::: Information shown :::

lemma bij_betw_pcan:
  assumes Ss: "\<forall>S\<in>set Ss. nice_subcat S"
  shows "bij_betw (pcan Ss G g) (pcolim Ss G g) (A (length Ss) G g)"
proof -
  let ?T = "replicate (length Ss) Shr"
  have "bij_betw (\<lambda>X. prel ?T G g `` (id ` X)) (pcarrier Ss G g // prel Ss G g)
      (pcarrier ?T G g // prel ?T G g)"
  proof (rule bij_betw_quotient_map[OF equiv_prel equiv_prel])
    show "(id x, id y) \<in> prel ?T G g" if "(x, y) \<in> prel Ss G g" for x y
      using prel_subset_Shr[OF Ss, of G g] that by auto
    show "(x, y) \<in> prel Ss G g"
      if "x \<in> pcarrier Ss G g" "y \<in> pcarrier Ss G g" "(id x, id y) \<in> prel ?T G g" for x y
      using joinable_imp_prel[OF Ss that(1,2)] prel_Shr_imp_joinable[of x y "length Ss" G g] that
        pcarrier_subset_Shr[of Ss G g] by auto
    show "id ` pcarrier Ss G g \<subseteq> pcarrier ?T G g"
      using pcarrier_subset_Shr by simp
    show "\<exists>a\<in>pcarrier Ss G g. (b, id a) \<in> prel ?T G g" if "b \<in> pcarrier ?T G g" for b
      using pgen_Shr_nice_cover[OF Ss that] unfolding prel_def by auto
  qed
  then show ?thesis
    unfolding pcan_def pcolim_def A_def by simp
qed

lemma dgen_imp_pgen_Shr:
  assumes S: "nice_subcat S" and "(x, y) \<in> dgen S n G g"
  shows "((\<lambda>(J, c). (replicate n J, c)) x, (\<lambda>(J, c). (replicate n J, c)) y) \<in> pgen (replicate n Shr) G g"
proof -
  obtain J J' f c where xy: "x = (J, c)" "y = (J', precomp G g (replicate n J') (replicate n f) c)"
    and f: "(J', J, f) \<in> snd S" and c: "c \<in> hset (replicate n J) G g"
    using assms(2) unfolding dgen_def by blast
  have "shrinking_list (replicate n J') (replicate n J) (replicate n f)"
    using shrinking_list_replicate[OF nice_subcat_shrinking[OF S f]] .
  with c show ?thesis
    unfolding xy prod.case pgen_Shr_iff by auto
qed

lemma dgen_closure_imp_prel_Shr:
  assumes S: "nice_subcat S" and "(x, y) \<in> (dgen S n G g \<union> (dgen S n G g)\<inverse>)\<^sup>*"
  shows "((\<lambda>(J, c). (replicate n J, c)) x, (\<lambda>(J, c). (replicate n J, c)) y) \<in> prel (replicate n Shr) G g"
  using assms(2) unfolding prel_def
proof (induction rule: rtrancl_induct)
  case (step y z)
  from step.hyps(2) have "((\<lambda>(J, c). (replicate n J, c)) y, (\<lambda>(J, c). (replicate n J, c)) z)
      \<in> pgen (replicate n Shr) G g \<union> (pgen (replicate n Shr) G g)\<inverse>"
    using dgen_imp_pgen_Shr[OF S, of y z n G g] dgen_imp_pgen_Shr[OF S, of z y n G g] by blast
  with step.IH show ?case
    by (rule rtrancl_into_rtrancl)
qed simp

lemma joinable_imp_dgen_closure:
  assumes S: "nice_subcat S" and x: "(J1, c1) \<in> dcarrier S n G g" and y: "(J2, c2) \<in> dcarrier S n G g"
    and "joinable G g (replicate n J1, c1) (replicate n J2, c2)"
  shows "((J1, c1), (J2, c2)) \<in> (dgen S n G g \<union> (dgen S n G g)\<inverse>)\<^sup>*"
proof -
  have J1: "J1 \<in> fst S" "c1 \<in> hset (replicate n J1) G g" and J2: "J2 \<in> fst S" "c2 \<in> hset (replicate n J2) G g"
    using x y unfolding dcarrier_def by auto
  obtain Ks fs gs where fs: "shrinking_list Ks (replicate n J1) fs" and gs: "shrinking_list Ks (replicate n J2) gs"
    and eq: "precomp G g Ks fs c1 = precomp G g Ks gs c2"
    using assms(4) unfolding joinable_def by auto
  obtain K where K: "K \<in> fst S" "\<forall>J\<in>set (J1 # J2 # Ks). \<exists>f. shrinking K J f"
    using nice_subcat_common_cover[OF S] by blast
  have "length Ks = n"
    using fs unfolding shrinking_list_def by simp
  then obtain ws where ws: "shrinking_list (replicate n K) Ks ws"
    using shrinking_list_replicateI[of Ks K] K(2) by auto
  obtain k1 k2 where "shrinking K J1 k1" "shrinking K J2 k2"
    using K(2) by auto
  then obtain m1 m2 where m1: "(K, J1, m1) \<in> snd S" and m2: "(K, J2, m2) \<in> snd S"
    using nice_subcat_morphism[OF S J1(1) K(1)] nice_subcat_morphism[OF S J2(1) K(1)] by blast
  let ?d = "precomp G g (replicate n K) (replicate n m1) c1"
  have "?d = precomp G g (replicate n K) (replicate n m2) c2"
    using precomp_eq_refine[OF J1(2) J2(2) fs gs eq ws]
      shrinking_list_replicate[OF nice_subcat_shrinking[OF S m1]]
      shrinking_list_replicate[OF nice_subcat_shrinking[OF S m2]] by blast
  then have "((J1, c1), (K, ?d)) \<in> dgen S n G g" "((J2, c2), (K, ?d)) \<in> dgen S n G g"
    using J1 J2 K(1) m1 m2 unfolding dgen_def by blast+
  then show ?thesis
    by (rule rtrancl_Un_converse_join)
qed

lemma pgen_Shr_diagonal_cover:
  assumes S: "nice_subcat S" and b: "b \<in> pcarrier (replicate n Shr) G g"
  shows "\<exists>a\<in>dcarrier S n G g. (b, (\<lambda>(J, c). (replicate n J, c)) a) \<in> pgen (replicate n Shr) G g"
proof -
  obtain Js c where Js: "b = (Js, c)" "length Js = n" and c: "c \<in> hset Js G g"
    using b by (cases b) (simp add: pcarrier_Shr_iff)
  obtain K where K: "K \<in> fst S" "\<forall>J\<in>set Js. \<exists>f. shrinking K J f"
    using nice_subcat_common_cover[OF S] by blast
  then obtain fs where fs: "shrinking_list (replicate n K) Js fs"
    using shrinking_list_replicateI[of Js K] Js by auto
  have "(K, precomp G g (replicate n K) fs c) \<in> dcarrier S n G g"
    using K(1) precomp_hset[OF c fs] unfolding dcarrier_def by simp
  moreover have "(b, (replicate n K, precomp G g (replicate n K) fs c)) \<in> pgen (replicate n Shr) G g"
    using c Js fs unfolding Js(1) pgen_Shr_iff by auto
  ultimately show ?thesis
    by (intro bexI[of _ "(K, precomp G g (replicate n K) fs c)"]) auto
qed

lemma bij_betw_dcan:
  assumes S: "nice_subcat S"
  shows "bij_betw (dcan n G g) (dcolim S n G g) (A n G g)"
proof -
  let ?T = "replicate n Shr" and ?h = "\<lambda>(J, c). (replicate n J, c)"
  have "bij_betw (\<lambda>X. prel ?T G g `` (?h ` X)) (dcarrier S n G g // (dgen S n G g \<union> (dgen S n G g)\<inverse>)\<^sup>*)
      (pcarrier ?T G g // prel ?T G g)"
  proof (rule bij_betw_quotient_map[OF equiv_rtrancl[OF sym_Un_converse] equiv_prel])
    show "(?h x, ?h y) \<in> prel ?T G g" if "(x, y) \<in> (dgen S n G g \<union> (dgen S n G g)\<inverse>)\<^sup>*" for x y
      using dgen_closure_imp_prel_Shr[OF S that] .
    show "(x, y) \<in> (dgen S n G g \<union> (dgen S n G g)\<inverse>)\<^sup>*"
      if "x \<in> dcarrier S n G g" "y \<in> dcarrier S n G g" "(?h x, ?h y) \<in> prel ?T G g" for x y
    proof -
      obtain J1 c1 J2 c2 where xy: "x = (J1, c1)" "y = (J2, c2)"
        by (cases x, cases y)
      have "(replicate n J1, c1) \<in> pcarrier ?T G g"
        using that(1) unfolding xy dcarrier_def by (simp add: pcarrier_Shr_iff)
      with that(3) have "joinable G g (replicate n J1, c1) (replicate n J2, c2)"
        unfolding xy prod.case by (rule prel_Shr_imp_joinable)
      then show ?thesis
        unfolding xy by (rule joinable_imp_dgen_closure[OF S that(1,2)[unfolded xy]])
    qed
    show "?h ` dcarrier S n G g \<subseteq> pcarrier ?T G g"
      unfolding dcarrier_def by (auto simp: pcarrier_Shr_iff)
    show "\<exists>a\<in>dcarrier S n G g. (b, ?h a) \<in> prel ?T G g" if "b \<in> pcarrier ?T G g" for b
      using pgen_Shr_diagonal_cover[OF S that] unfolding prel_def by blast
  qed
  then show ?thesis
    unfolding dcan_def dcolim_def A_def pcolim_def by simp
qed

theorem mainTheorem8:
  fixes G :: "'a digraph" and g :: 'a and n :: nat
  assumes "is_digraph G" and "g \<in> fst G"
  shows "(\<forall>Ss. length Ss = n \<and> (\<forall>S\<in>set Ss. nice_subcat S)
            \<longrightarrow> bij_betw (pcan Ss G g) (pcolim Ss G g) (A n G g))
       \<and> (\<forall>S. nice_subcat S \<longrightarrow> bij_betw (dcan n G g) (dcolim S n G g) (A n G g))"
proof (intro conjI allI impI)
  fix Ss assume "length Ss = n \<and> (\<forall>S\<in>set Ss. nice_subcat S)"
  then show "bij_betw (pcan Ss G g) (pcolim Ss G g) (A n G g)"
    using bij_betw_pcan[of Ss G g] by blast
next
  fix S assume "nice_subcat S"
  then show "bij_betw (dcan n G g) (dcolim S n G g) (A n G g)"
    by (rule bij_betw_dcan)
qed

:::
::: Information shown :::

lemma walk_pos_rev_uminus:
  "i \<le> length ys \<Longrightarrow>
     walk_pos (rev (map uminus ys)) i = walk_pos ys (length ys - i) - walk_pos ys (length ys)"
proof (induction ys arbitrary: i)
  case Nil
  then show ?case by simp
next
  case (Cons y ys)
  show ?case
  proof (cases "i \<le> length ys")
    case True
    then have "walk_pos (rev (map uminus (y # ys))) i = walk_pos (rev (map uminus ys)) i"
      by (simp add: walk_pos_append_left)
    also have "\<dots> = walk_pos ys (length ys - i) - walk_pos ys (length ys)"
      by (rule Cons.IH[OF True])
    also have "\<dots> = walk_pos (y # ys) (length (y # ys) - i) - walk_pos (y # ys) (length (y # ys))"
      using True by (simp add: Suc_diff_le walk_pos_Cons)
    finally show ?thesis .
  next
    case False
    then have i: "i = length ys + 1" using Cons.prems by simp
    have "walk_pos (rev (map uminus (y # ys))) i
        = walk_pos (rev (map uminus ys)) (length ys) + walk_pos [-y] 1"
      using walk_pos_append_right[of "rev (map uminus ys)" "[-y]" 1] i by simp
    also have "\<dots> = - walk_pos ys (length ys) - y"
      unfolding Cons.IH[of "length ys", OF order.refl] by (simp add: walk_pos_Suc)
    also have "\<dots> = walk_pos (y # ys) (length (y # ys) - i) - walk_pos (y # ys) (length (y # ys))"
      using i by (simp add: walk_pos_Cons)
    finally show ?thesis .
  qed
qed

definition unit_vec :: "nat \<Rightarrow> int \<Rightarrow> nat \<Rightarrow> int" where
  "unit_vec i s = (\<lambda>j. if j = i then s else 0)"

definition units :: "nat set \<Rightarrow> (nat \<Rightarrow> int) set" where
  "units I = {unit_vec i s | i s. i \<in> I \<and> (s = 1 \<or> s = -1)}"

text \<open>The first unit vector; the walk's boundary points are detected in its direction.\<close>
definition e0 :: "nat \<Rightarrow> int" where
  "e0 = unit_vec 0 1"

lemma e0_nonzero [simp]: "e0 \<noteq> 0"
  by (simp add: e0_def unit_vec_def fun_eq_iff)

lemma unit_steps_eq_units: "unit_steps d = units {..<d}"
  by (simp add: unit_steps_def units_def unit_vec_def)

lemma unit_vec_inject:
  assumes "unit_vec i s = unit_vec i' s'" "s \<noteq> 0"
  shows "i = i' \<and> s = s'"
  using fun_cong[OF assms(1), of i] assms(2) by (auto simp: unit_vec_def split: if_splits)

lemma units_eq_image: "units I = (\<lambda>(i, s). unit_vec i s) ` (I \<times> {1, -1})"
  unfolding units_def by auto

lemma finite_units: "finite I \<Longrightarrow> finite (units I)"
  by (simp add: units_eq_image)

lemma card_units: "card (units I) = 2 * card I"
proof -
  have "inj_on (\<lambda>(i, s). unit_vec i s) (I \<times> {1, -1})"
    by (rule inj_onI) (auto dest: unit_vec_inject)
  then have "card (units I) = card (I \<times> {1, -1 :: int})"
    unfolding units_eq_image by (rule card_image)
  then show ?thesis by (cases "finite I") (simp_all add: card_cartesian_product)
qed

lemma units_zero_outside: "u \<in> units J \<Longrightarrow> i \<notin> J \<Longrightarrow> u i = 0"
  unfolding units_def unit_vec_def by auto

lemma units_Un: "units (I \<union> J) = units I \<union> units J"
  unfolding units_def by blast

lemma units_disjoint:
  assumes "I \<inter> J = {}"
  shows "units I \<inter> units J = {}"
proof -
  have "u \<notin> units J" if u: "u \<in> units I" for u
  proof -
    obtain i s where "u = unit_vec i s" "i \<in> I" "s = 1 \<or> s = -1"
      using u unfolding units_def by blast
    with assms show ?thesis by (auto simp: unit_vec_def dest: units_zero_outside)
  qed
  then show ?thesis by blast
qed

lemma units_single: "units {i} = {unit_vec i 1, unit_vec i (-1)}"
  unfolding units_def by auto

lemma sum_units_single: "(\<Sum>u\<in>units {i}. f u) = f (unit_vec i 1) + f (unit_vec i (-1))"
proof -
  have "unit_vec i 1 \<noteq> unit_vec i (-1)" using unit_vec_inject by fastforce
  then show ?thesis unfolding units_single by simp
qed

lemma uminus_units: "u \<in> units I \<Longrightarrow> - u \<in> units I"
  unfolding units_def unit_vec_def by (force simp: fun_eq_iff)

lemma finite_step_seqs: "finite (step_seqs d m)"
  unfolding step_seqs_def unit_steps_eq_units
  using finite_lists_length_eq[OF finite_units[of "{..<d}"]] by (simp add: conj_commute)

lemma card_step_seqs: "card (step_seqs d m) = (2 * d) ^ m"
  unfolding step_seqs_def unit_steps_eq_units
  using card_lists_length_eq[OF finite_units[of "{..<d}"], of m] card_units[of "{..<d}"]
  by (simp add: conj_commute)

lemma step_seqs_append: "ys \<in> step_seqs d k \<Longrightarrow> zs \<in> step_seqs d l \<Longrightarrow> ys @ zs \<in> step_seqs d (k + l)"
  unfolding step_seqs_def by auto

:::
::: Information shown :::

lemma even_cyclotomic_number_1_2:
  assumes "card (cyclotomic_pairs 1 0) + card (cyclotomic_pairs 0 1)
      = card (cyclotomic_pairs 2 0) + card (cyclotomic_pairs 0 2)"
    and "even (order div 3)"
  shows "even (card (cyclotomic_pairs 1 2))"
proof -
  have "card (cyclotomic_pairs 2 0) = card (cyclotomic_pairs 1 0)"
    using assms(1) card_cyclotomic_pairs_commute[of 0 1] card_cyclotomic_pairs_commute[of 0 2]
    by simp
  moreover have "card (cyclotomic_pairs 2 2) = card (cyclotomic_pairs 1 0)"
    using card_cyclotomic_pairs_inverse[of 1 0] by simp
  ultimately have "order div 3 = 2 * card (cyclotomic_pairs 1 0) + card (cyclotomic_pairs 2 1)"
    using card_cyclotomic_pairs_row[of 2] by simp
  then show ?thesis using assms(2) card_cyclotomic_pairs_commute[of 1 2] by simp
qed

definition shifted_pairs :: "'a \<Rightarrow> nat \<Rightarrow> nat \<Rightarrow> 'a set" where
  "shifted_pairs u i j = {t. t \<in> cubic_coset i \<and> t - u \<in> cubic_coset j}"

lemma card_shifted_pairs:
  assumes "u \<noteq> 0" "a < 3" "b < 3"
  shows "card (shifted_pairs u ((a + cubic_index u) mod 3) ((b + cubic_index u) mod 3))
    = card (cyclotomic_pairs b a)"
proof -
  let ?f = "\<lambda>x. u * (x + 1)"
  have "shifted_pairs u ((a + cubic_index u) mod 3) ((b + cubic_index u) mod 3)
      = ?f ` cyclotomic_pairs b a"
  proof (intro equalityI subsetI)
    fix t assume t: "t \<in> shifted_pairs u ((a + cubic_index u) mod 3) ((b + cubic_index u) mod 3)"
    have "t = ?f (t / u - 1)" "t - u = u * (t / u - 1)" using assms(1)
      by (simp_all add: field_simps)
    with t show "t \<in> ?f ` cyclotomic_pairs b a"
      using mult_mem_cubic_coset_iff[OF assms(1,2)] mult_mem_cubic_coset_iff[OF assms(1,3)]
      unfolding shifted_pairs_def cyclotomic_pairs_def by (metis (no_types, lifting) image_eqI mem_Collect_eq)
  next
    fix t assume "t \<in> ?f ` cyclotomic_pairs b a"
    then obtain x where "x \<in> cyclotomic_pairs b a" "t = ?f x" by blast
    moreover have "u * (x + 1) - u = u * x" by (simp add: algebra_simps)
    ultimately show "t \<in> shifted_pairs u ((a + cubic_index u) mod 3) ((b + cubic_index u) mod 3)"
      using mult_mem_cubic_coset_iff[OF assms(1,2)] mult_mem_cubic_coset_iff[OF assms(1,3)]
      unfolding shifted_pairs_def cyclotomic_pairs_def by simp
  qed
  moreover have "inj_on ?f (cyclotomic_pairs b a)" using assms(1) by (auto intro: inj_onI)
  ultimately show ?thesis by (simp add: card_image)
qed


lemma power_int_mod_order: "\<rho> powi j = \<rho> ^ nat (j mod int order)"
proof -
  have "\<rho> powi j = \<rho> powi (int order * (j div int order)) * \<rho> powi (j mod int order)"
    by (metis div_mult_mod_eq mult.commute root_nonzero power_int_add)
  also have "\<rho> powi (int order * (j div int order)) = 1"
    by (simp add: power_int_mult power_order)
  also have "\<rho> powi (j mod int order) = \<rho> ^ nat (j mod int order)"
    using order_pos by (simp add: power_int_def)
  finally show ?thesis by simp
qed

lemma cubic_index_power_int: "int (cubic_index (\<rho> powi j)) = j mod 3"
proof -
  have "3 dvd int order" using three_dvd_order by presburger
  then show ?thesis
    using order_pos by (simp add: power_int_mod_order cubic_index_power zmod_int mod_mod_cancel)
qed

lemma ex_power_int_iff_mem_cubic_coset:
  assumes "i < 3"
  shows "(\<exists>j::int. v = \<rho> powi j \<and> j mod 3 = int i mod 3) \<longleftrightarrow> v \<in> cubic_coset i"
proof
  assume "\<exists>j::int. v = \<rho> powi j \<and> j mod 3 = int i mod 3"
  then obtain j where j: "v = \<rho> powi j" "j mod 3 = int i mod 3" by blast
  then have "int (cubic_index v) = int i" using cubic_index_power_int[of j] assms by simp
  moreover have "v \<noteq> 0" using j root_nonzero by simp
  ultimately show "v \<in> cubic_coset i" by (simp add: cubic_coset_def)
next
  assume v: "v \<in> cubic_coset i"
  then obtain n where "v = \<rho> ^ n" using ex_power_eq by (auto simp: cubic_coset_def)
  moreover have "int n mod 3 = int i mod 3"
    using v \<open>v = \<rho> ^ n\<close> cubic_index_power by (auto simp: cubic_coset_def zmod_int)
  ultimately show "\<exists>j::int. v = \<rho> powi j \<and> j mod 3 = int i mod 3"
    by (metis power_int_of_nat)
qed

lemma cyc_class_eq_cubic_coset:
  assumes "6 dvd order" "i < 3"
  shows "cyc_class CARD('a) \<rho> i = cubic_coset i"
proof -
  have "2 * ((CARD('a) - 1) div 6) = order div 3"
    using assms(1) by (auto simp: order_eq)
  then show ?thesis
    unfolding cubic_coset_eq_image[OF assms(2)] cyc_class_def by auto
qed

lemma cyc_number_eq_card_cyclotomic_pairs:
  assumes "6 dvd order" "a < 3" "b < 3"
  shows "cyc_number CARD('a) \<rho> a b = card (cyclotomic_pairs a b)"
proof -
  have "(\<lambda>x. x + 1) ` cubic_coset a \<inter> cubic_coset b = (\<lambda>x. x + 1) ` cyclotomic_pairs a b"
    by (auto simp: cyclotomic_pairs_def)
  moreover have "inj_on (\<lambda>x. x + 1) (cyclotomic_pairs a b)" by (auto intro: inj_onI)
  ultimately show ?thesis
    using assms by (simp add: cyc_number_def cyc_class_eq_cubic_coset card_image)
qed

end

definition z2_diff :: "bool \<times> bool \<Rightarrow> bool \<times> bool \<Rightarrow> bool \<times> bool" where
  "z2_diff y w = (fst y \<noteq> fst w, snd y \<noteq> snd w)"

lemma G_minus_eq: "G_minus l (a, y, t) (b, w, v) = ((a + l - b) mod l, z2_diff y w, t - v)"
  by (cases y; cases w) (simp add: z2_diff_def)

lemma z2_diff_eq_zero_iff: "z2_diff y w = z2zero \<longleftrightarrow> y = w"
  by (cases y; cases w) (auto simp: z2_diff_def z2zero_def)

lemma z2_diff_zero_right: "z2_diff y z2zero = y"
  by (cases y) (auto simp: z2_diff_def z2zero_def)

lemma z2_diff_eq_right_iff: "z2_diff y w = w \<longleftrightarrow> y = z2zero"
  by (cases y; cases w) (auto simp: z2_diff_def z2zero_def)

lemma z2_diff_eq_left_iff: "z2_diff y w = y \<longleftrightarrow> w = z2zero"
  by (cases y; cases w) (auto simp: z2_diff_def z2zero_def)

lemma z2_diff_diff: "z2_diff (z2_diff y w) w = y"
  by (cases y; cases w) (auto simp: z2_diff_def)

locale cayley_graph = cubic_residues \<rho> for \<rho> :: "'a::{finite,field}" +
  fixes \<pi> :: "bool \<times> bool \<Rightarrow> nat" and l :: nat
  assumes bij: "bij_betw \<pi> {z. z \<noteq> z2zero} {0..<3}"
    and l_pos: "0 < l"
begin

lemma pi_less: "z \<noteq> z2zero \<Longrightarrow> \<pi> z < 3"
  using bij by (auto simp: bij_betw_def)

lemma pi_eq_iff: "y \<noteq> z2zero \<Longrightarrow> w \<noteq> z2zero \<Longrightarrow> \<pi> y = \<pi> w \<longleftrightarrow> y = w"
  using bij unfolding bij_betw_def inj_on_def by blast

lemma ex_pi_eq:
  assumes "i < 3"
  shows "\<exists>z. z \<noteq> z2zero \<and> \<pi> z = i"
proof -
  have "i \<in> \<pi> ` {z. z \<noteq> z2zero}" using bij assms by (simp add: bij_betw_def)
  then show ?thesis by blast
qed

:::

**Required work:**
Copy out every line from the records that has the word "fixes".

**Written reply:**
  fixes G :: "'a digraph" and g :: 'a and n :: nat
  fixes \<pi> :: "bool \<times> bool \<Rightarrow> nat" and l :: nat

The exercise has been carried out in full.